"""
(* Let $q\geq 3$ be a prime power. In $\mathrm{PG}(2,q^2)$ there exists a semioval $\mathcal{S}\subset\mathcal{H}_q$ of size $k$ for every integer $k$ satisfying $q^3+1\geq k\geq q^3-2q^2+4q+1$ if $q$ is even, and $q^3+1\geq k\geq q^3-2q^2+5q-2$ if $q$ is odd.
   Context: $\mathrm{PG}(2,q^2)$ is the Desarguesian projective plane over $\mathbb{F}_{q^2}$. $\mathcal{H}_q$ denotes the Hermitian curve, the set of points of $\mathrm{PG}(2,q^2)$ satisfying $X_2X_0^q+X_2^qX_0+X_1^{q+1}=0$ (it has $q^3+1$ points). A semioval is a non-empty pointset $\mathcal{S}$ such that for every $P\in\mathcal{S}$ there is a unique line $t_P$ with $\mathcal{S}\cap t_P=\{P\}$. *)

theory Defs
  imports "HOL-Computational_Algebra.Primes"
begin

type_synonym 'a vec3 = "'a \<times> 'a \<times> 'a"

definition pt :: "('a::field) vec3 \<Rightarrow> 'a vec3 set" where
  "pt v = (case v of (x, y, z) \<Rightarrow> {(c * x, c * y, c * z) | c. c \<noteq> 0})"

definition pg_points :: "('a::field) vec3 set set" where
  "pg_points = {pt v | v. v \<noteq> (0, 0, 0)}"

definition pg_line :: "('a::field) vec3 \<Rightarrow> 'a vec3 set set" where
  "pg_line u = (case u of (a, b, c) \<Rightarrow>
     {P \<in> pg_points. \<exists>x y z. (x, y, z) \<in> P \<and> a * x + b * y + c * z = 0})"

definition pg_lines :: "('a::field) vec3 set set set" where
  "pg_lines = {pg_line u | u. u \<noteq> (0, 0, 0)}"

definition hermitian_curve :: "nat \<Rightarrow> ('a::field) vec3 set set" where
  "hermitian_curve q = {pt (x0, x1, x2) | x0 x1 x2. (x0, x1, x2) \<noteq> (0, 0, 0) \<and>
       x2 * x0 ^ q + x2 ^ q * x0 + x1 ^ (q + 1) = 0}"
lemma det_lower_unitriangular:
  fixes A :: "'a::comm_ring_1 mat"
  assumes A: "A \<in> carrier_mat n n"
    and "\<And>i j. i < j \<Longrightarrow> j < n \<Longrightarrow> A $$ (i, j) = 0" and "\<And>i. i < n \<Longrightarrow> A $$ (i, i) = 1"
  shows "det A = 1"
proof -
  have "det A = (\<Prod>i = 0..<n. A $$ (i, i))"
    using det_lower_triangular[OF assms(2) A] A by (simp add: prod_list_diag_prod)
  with assms(3) show ?thesis by simp
qed

lemma det_reverse_rows_cols:
  fixes A :: "'a::comm_ring_1 mat"
  assumes A: "A \<in> carrier_mat n n"
  shows "det (mat n n (\<lambda>(i, j). A $$ (n - 1 - i, n - 1 - j))) = det A"
proof -
  define p where "p i = (if i < n then n - 1 - i else i)" for i
  have p: "p permutes {0..<n}"
    by (rule bij_imp_permutes) (auto simp: p_def intro!: bij_betw_byWitness[where f' = p])
  define B where "B = mat n n (\<lambda>(i, j). A $$ (p i, j))"
  have B: "B \<in> carrier_mat n n" and Bt: "transpose_mat B \<in> carrier_mat n n"
    by (simp_all add: B_def)
  have "transpose_mat (mat n n (\<lambda>(i, j). transpose_mat B $$ (p i, j)))
      = mat n n (\<lambda>(i, j). A $$ (n - 1 - i, n - 1 - j))"
    by (rule eq_matI) (auto simp: B_def p_def)
  moreover have "det (mat n n (\<lambda>(i, j). transpose_mat B $$ (p i, j))) = det A"
    using det_permute_rows[OF Bt p] det_permute_rows[OF A p]
    by (simp add: B_def det_transpose[OF B, unfolded B_def] flip: of_int_mult mult.assoc)
  ultimately show ?thesis by (metis det_transpose mat_carrier)
qed

section \<open>The resultant as the determinant of multiplication modulo a monic polynomial\<close>

lemma coeff_monom_Suc_mult_Suc:
  fixes p :: "'a::comm_semiring_1 poly"
  shows "coeff (monom 1 (Suc a) * p) (Suc b) = coeff (monom 1 a * p) b"
  by (simp add: coeff_monom_mult)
"""
▶ _Task_
Restate each entry word for word.

▶ _Result for this exercise_
(* Let $q\geq 3$ be a prime power. In $\mathrm{PG}(2,q^2)$ there exists a semioval $\mathcal{S}\subset\mathcal{H}_q$ of size $k$ for every integer $k$ satisfying $q^3+1\geq k\geq q^3-2q^2+4q+1$ if $q$ is even, and $q^3+1\geq k\geq q^3-2q^2+5q-2$ if $q$ is odd.
   Context: $\mathrm{PG}(2,q^2)$ is the Desarguesian projective plane over $\mathbb{F}_{q^2}$. $\mathcal{H}_q$ denotes the Hermitian curve, the set of points of $\mathrm{PG}(2,q^2)$ satisfying $X_2X_0^q+X_2^qX_0+X_1^{q+1}=0$ (it has $q^3+1$ points). A semioval is a non-empty pointset $\mathcal{S}$ such that for every $P\in\mathcal{S}$ there is a unique line $t_P$ with $\mathcal{S}\cap t_P=\{P\}$. *)

theory Defs
  imports "HOL-Computational_Algebra.Primes"
begin

type_synonym 'a vec3 = "'a \<times> 'a \<times> 'a"

definition pt :: "('a::field) vec3 \<Rightarrow> 'a vec3 set" where
  "pt v = (case v of (x, y, z) \<Rightarrow> {(c * x, c * y, c * z) | c. c \<noteq> 0})"

definition pg_points :: "('a::field) vec3 set set" where
  "pg_points = {pt v | v. v \<noteq> (0, 0, 0)}"

definition pg_line :: "('a::field) vec3 \<Rightarrow> 'a vec3 set set" where
  "pg_line u = (case u of (a, b, c) \<Rightarrow>
     {P \<in> pg_points. \<exists>x y z. (x, y, z) \<in> P \<and> a * x + b * y + c * z = 0})"

definition pg_lines :: "('a::field) vec3 set set set" where
  "pg_lines = {pg_line u | u. u \<noteq> (0, 0, 0)}"

definition hermitian_curve :: "nat \<Rightarrow> ('a::field) vec3 set set" where
  "hermitian_curve q = {pt (x0, x1, x2) | x0 x1 x2. (x0, x1, x2) \<noteq> (0, 0, 0) \<and>
       x2 * x0 ^ q + x2 ^ q * x0 + x1 ^ (q + 1) = 0}"
lemma det_lower_unitriangular:
  fixes A :: "'a::comm_ring_1 mat"
  assumes A: "A \<in> carrier_mat n n"
    and "\<And>i j. i < j \<Longrightarrow> j < n \<Longrightarrow> A $$ (i, j) = 0" and "\<And>i. i < n \<Longrightarrow> A $$ (i, i) = 1"
  shows "det A = 1"
proof -
  have "det A = (\<Prod>i = 0..<n. A $$ (i, i))"
    using det_lower_triangular[OF assms(2) A] A by (simp add: prod_list_diag_prod)
  with assms(3) show ?thesis by simp
qed

lemma det_reverse_rows_cols:
  fixes A :: "'a::comm_ring_1 mat"
  assumes A: "A \<in> carrier_mat n n"
  shows "det (mat n n (\<lambda>(i, j). A $$ (n - 1 - i, n - 1 - j))) = det A"
proof -
  define p where "p i = (if i < n then n - 1 - i else i)" for i
  have p: "p permutes {0..<n}"
    by (rule bij_imp_permutes) (auto simp: p_def intro!: bij_betw_byWitness[where f' = p])
  define B where "B = mat n n (\<lambda>(i, j). A $$ (p i, j))"
  have B: "B \<in> carrier_mat n n" and Bt: "transpose_mat B \<in> carrier_mat n n"
    by (simp_all add: B_def)
  have "transpose_mat (mat n n (\<lambda>(i, j). transpose_mat B $$ (p i, j)))
      = mat n n (\<lambda>(i, j). A $$ (n - 1 - i, n - 1 - j))"
    by (rule eq_matI) (auto simp: B_def p_def)
  moreover have "det (mat n n (\<lambda>(i, j). transpose_mat B $$ (p i, j))) = det A"
    using det_permute_rows[OF Bt p] det_permute_rows[OF A p]
    by (simp add: B_def det_transpose[OF B, unfolded B_def] flip: of_int_mult mult.assoc)
  ultimately show ?thesis by (metis det_transpose mat_carrier)
qed

section \<open>The resultant as the determinant of multiplication modulo a monic polynomial\<close>

lemma coeff_monom_Suc_mult_Suc:
  fixes p :: "'a::comm_semiring_1 poly"
  shows "coeff (monom 1 (Suc a) * p) (Suc b) = coeff (monom 1 a * p) b"
  by (simp add: coeff_monom_mult)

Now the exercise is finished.